Nach mit Schreiben vom 27. September 2015 erhobener Verzögerungsrüge haben die Kläger am 30. März 2016 beim LSG eine Entschädigungsklage
eingereicht, mit der sie "Kompensationszahlungen" iHv jeweils 100,- EUR,- monatlich "ab September 2015" wegen einer überlangen
Dauer des Ausgangsverfahrens geltend machen.
Die Kläger, die im Verhandlungstermin keinen Prozessantrag gestellt haben, beantragen nach ihrem Vorbringen,
den Beklagten zu verurteilen, an sie jeweils 1.600,- EUR zu zahlen.
Der Beklagte beantragt,
die Klage abzuweisen.
Er sieht eine entschädigungspflichtige Verzögerung im Ausgangsverfahren schon deshalb nicht, weil die Kläger dort den erforderlichen
Gerichtskostenvorschuss nicht entrichtet hätten.
Die Gerichtsakte und die Akten des Ausgangsverfahrens haben vorgelegen und sind Gegenstand der mündlichen Verhandlung gewesen.
Entscheidungsgründe:
Die Klage ist bereits unzulässig und war daher abzuweisen.
Maßgebend für das vorliegende Klageverfahren sind die §§
198 ff.
Gerichtsverfassungsgesetz (
GVG) sowie die §§
183,
197a und
202 Sozialgerichtsgesetz (
SGG), jeweils in der Fassung des Gesetzes über den Rechtsschutz bei überlangen Gerichtsverfahren und strafrechtlichen Ermittlungsverfahren
(GRüGV) vom 24. November 2011 (BGBl I S 2302) und des Gesetzes über die Besetzung der großen Straf- und Jugendkammern in der
Hauptverhandlung und zur Änderung weiterer gerichtsverfassungsrechtlicher Vorschriften sowie des Bundesdisziplinargesetzes vom 06. Dezember 2011 (BGBl I S 2554). Bei dem geltend gemachten Anspruch auf Gewährung einer Entschädigung wegen überlanger
Verfahrensdauer handelt es sich nicht um einen Amtshaftungsanspruch iSv Art.
34 Grundgesetz (
GG). Es ist daher nicht der ordentliche Rechtsweg, sondern vorliegend der zu den Gerichten der Sozialgerichtsbarkeit eröffnet.

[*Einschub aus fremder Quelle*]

(* Let $\lambda$ be a cardinal and assume $MA_\lambda(K)$. Then for every natural number $k$ and every $(k+1,\omega)$-almost disjoint family $\mathcal A$ of finite subsets of $\lambda$ such that $|A|>2k$ for all $A\in\mathcal A$, we have $\chi_{\rm CF}(\mathcal A)\le\omega$.
   Context: $MA_\lambda(K)$ is Martin's Axiom for $\lambda$ dense sets restricted to partial orders with property K (every uncountable set of conditions has an uncountable subset of pairwise compatible conditions). A family $\mathcal A$ is $(\mu,\nu)$-almost disjoint if $|\bigcap\mathcal B|<\mu$ for every $\mathcal B\subseteq\mathcal A$ with $|\mathcal B|=\nu$. A conflict free coloring of $\mathcal A$ with $\rho$ colors is $f:\bigcup\mathcal A\to\rho$ such that every $A\in\mathcal A$ has some $\zeta$ with $|A\cap f^{-1}\{\zeta\}|=1$; $\chi_{\rm CF}(\mathcal A)$ is the least such $\rho$. *)

theory Defs
  imports Main "HOL-Library.Countable_Set" "HOL-Library.Equipollence"
begin

definition partial_order_on' :: "'p set \<Rightarrow> ('p \<Rightarrow> 'p \<Rightarrow> bool) \<Rightarrow> bool" where
  "partial_order_on' P le \<longleftrightarrow>
     (\<forall>p\<in>P. le p p) \<and>
     (\<forall>p\<in>P. \<forall>q\<in>P. \<forall>r\<in>P. le p q \<longrightarrow> le q r \<longrightarrow> le p r) \<and>
     (\<forall>p\<in>P. \<forall>q\<in>P. le p q \<longrightarrow> le q p \<longrightarrow> p = q)"

definition compatible :: "'p set \<Rightarrow> ('p \<Rightarrow> 'p \<Rightarrow> bool) \<Rightarrow> 'p \<Rightarrow> 'p \<Rightarrow> bool" where
  "compatible P le p q \<longleftrightarrow> (\<exists>r\<in>P. le r p \<and> le r q)"

definition property_K :: "'p set \<Rightarrow> ('p \<Rightarrow> 'p \<Rightarrow> bool) \<Rightarrow> bool" where
  "property_K P le \<longleftrightarrow>
     (\<forall>S\<subseteq>P. uncountable S \<longrightarrow>
        (\<exists>T\<subseteq>S. uncountable T \<and> (\<forall>p\<in>T. \<forall>q\<in>T. compatible P le p q)))"

definition dense_in :: "'p set \<Rightarrow> ('p \<Rightarrow> 'p \<Rightarrow> bool) \<Rightarrow> 'p set \<Rightarrow> bool" where
  "dense_in P le D \<longleftrightarrow> D \<subseteq> P \<and> (\<forall>p\<in>P. \<exists>d\<in>D. le d p)"

definition filter_in :: "'p set \<Rightarrow> ('p \<Rightarrow> 'p \<Rightarrow> bool) \<Rightarrow> 'p set \<Rightarrow> bool" where
  "filter_in P le G \<longleftrightarrow> G \<subseteq> P \<and> G \<noteq> {} \<and>
     (\<forall>p\<in>G. \<forall>q\<in>P. le p q \<longrightarrow> q \<in> G) \<and>
     (\<forall>p\<in>G. \<forall>q\<in>G. \<exists>r\<in>G. le r p \<and> le r q)"

text \<open>MA_lambda(K), with the cardinal lambda given as the cardinality of a set L,
  for (nonempty) partial orders whose conditions live in the type 'p.\<close>
definition MA_K :: "'p itself \<Rightarrow> 'l set \<Rightarrow> bool" where
  "MA_K (_::'p itself) L \<longleftrightarrow>
     (\<forall>(P::'p set) le. P \<noteq> {} \<and> partial_order_on' P le \<and> property_K P le \<longrightarrow>
        (\<forall>\<D>. \<D> \<lesssim> L \<and> (\<forall>D\<in>\<D>. dense_in P le D) \<longrightarrow>
           (\<exists>G. filter_in P le G \<and> (\<forall>D\<in>\<D>. G \<inter> D \<noteq> {}))))"

text \<open>(mu,nu)-almost disjoint, for a finite mu (a natural number) and nu
  given as the cardinality of a set N.\<close>
definition almost_disjoint :: "nat \<Rightarrow> 'n set \<Rightarrow> 'a set set \<Rightarrow> bool" where
  "almost_disjoint \<mu> N \<A> \<longleftrightarrow>
     (\<forall>\<B>\<subseteq>\<A>. \<B> \<approx> N \<longrightarrow> finite (\<Inter>\<B>) \<and> card (\<Inter>\<B>) < \<mu>)"

definition cf_coloring :: "'a set set \<Rightarrow> ('a \<Rightarrow> 'c) \<Rightarrow> 'c set \<Rightarrow> bool" where
  "cf_coloring \<A> f \<rho> \<longleftrightarrow> f ` (\<Union>\<A>) \<subseteq> \<rho> \<and>
     (\<forall>A\<in>\<A>. \<exists>\<zeta>. card (A \<inter> f -` {\<zeta>}) = 1)"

Denn die grundsätzlich in §
201 Abs.
1 Satz 1
GVG vorgesehene Zuweisung der Entschädigungsklagen an das Oberlandesgericht, in dessen Bezirk das streitgegenständliche Verfahren
durchgeführt wurde, wird für sozialgerichtliche Verfahren in §
202 Satz 2
SGG modifiziert. Nach dieser Regelung sind die Vorschriften des 17. Titels des
GVG (§§
198-
201) mit der Maßgabe entsprechend anzuwenden, dass an die Stelle des Oberlandesgerichts das LSG, an die Stelle des Bundesgerichtshofs
das Bundessozialgericht (BSG) und an die Stelle der
Zivilprozessordnung das
SGG tritt. Für die Entscheidung über die Klage ist daher das LSG Berlin-Brandenburg zuständig.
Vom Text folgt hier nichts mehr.